Monday, November 2, 2009

The First 870 Pages & the Ad War

That's how far I've gotten in the House bill -- 870 pages. So far, I'm pretty pleased with what I've read. Although the insurance exchange -- the marketplace where you could shop for insurance -- won't be up until 2013, and, thus, some of the important insurance reforms, like the elimination of pre-existing condition exclusions, won't take full effect until then, there are some provisions that would help in the meantime.

For example, there would be a national high risk pool for people who can't get insurance due to pre-existing conditions. The catch, though, is that you have to go without insurance for 6 months before you qualify.

And the current rules about pre-existing condition coverage -- if you have 18 month of continuous coverage and no break in coverage of 63 days or more, and they look back 12 months to see if you had a pre-existing condition -- would be relaxed. You'd only have to have 9 months of continuous coverage and they'd only look back 3 months.

Although the public option is in the plan, it is not the "robust" public option that the liberal Dems wanted -- reimbursement rates are not tied to Medicare, but instead, they would be negotiated, so providers will do better under this version. And states could have their own plans. Even co-ops would be an option.

There's a strong pilot plan for "medical homes" that should help coordinate care of people with chronic illnesses.

There's a lot more in this 1990 page draft. I'll report back when I know more.

But another thing struck me this week-end. I was watching the Sunday talk shows and there were so many commercials opposing health care reform. I hope you're looking at who's paying for the ads. The Chamber of Commerce hates the House plan because it includes an employer mandate -- employers whose annual payroll is over $500,000 will have to provide insurance for their employees or pay a fine.

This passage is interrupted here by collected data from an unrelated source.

(* Let $h=0$ and let $x$ be a piecewise constant functional order parameter as in the context, with $1-\lambda+\beta^2Q>0$ and $\beta^2\sigma^2(Q)\int_q^Qx(q')\,dq'<1$ for all $q\in[0,Q]$. Then for every $N$, $$\varphi_N(0;x)=\log\sigma(Q)+f(0,0;x),$$ where $f(\cdot,\cdot;x)$ is the solution of the Parisi equation $\partial_qf+\frac12\big(\partial_y^2f+x(q)(\partial_yf)^2\big)=0$ on $[0,Q]\times\mathbb R$ with final condition $f(Q,y)=\frac{\beta^2}{2}\sigma^2(Q)y^2$, i.e. $f(Q,y)=\frac{\beta^2}{2}\sigma^2(Q)y^2$ and, for $a=K,\dots,1$ and $q\in[q_{a-1},q_a]$, $$f(q,y)=\frac1{m_a}\log\mathbb E_g\exp\big(m_a f(q_a,y+\sqrt{q_a-q}\,g)\big)\quad(\text{resp. } f(q,y)=\mathbb E_g f(q_a,y+\sqrt{q_a-q}\,g)\text{ if } m_a=0),$$ with $g\sim\mathcal N(0,1)$.
   Context: Fix $\beta>0$, $\lambda\in\mathbb R$, $h=0$. A piecewise constant functional order parameter $x$ is given by an integer $K\ge1$ and numbers $0=q_0\le q_1\le\dots\le q_K=Q$, $0\le m_1\le\dots\le m_K\le1$, with $x(q)=m_a$ for $q\in[q_{a-1},q_a)$. $\sigma(Q)=(1-\lambda+\beta^2Q)^{-1/2}$. Let $J_{ij}$ ($1\le i,j\le N$) and $J^a_i$ ($a=1,\dots,K$, $i=1,\dots,N$) be independent i.i.d. $\mathcal N(0,1)$; $\mathbb E_0$ is expectation over $J$, $\mathbb E_a$ over $(J^a_i)_i$. With $\mathbb E_z$ integration against the standard Gaussian measure on $\mathbb R^N$ and $C=-\beta^2Q$, for $t\in[0,1]$ $$\tilde Z_N(t;x)=\mathbb E_z\exp\Big(\beta\sqrt{\tfrac{t}{2N}}\sum_{i,j}J_{ij}z_iz_j-\tfrac{t\beta^2}{4N}\big(\textstyle\sum_iz_i^2\big)^2+\beta\sqrt{1-t}\sum_{a=1}^K\sqrt{q_a-q_{a-1}}\sum_iJ^a_iz_i+\tfrac{(1-t)C}{2}\sum_iz_i^2+\tfrac\lambda2\sum_iz_i^2\Big).$$ Set $Z_K=\tilde Z_N$, $Z_{a-1}=(\mathbb E_aZ_a^{m_a})^{1/m_a}$ for $a=K,\dots,1$ (with $Z_{a-1}=\exp\mathbb E_a\log Z_a$ if $m_a=0$), and $\varphi_N(t;x)=\frac1N\mathbb E_0\log Z_0$. *)

theory Defs
  imports "HOL-Probability.Probability"
begin

definition gauss1 :: "real measure" where
  "gauss1 = density lborel std_normal_density"

definition gaussI :: "'i set \<Rightarrow> ('i \<Rightarrow> real) measure" where
  "gaussI I = PiM I (\<lambda>_. gauss1)"

definition xfun :: "nat \<Rightarrow> (nat \<Rightarrow> real) \<Rightarrow> (nat \<Rightarrow> real) \<Rightarrow> real \<Rightarrow> real" where
  "xfun K q m r =
     (if \<exists>a\<in>{1..K}. q (a-1) \<le> r \<and> r < q a
      then m (LEAST a. 1 \<le> a \<and> a \<le> K \<and> q (a-1) \<le> r \<and> r < q a) else 0)"

definition sigmaQ :: "real \<Rightarrow> real \<Rightarrow> real \<Rightarrow> real" where
  "sigmaQ beta lam Q = (1 - lam + beta^2 * Q) powr (-1/2)"

text \<open>Interpolating partition function tilde Z_N(t;x), as a function of the disorder
  J0 (J_ij) and Js (Js a i = J^a_i).\<close>
definition Ztilde ::
  "real \<Rightarrow> real \<Rightarrow> nat \<Rightarrow> (nat \<Rightarrow> real) \<Rightarrow> nat \<Rightarrow> real \<Rightarrow>
   (nat \<times> nat \<Rightarrow> real) \<Rightarrow> (nat \<Rightarrow> nat \<Rightarrow> real) \<Rightarrow> real" where
  "Ztilde beta lam K q N t J0 Js =
    (integral\<^sup>L (gaussI {..<N}) (\<lambda>z.
       exp (beta * sqrt (t / (2 * real N)) * (\<Sum>i<N. \<Sum>j<N. J0 (i, j) * z i * z j)
            - t * beta^2 / (4 * real N) * (\<Sum>i<N. (z i)^2)^2
            + beta * sqrt (1 - t) * (\<Sum>a\<in>{1..K}. sqrt (q a - q (a-1)) * (\<Sum>i<N. Js a i * z i))
            + (1 - t) * (- (beta^2 * q K)) / 2 * (\<Sum>i<N. (z i)^2)
            + lam / 2 * (\<Sum>i<N. (z i)^2))))"

definition Zstep ::
  "nat \<Rightarrow> nat \<Rightarrow> real \<Rightarrow> ((nat \<times> nat \<Rightarrow> real) \<Rightarrow> (nat \<Rightarrow> nat \<Rightarrow> real) \<Rightarrow> real)
   \<Rightarrow> (nat \<times> nat \<Rightarrow> real) \<Rightarrow> (nat \<Rightarrow> nat \<Rightarrow> real) \<Rightarrow> real" where
  "Zstep N a ma Z J0 Js =
    (if ma = 0 then exp (integral\<^sup>L (gaussI {..<N}) (\<lambda>g. ln (Z J0 (Js(a := g)))))
     else (integral\<^sup>L (gaussI {..<N}) (\<lambda>g. Z J0 (Js(a := g)) powr ma)) powr (1 / ma))"

text \<open>Zlev n = Z_{K-n}.\<close>
primrec Zlev ::
  "real \<Rightarrow> real \<Rightarrow> nat \<Rightarrow> (nat \<Rightarrow> real) \<Rightarrow> (nat \<Rightarrow> real) \<Rightarrow> nat \<Rightarrow> real \<Rightarrow> nat
   \<Rightarrow> (nat \<times> nat \<Rightarrow> real) \<Rightarrow> (nat \<Rightarrow> nat \<Rightarrow> real) \<Rightarrow> real" where
  "Zlev beta lam K q m N t 0 = Ztilde beta lam K q N t"
| "Zlev beta lam K q m N t (Suc n) =
     Zstep N (K - n) (m (K - n)) (Zlev beta lam K q m N t n)"

definition phiN ::
  "real \<Rightarrow> real \<Rightarrow> nat \<Rightarrow> (nat \<Rightarrow> real) \<Rightarrow> (nat \<Rightarrow> real) \<Rightarrow> nat \<Rightarrow> real \<Rightarrow> real" where
  "phiN beta lam K q m N t =
     (1 / real N) * (integral\<^sup>L (gaussI ({..<N} \<times> {..<N})) (\<lambda>J0.
        ln (Zlev beta lam K q m N t K J0 (\<lambda>_ _. 0))))"

definition fstep :: "real \<Rightarrow> real \<Rightarrow> (real \<Rightarrow> real) \<Rightarrow> real \<Rightarrow> real" where
  "fstep ma s h y =
    (if ma = 0 then (integral\<^sup>L gauss1 (\<lambda>g. h (y + sqrt s * g)))
     else 1 / ma * ln (integral\<^sup>L gauss1 (\<lambda>g. exp (ma * h (y + sqrt s * g)))))"

definition ffinal :: "real \<Rightarrow> real \<Rightarrow> real \<Rightarrow> real \<Rightarrow> real" where
  "ffinal beta lam Q y = beta^2 / 2 * (sigmaQ beta lam Q)^2 * y^2"

text \<open>fnode n = f(q_{K-n}, .).\<close>
primrec fnode ::
  "real \<Rightarrow> real \<Rightarrow> nat \<Rightarrow> (nat \<Rightarrow> real) \<Rightarrow> (nat \<Rightarrow> real) \<Rightarrow> nat \<Rightarrow> real \<Rightarrow> real" where
  "fnode beta lam K q m 0 = ffinal beta lam (q K)"
| "fnode beta lam K q m (Suc n) =
     fstep (m (K - n)) (q (K - n) - q (K - n - 1)) (fnode beta lam K q m n)"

But the one that gets me is this ad that tells Seniors that Medicare's going to be cut to pay for reform. I couldn't catch the name in tiny print at the bottom of the screen, but you can bet it's related to someone who doesn't really represent Seniors. I can tell you it was a group I've never heard of before.

The truth is that the House bill helps Seniors. The House bill begins to close the doughnut hole, making prescription drugs more affordable from Seniors starting on day one. The coverage gap -- currently, drug coverage stops at about $2800 and starts again at about $4500, so that leaves about $1700 out-of-pocket -- would be reduced by $500 immediately. And the drug companies would offer discounts on drugs during the doughnut hole. This has been one of the biggest obstacles for Seniors, and the House bill starts to eliminate it right away.

And yes, Medicare Advantage plans -- plans that already deny coverage more than traditional Medicare, but which are paid more than traditional Medicare costs -- would have their costs cut. Not services; costs. Medicare Advantage plans cost the government more than traditional Medicare because they are private insurance companies and they charge higher administrative fees than traditional Medicare. So those administrative fees are being slashed. Not services; just costs. Why should private insurers get more to run Medicare plan than it costs the federal government?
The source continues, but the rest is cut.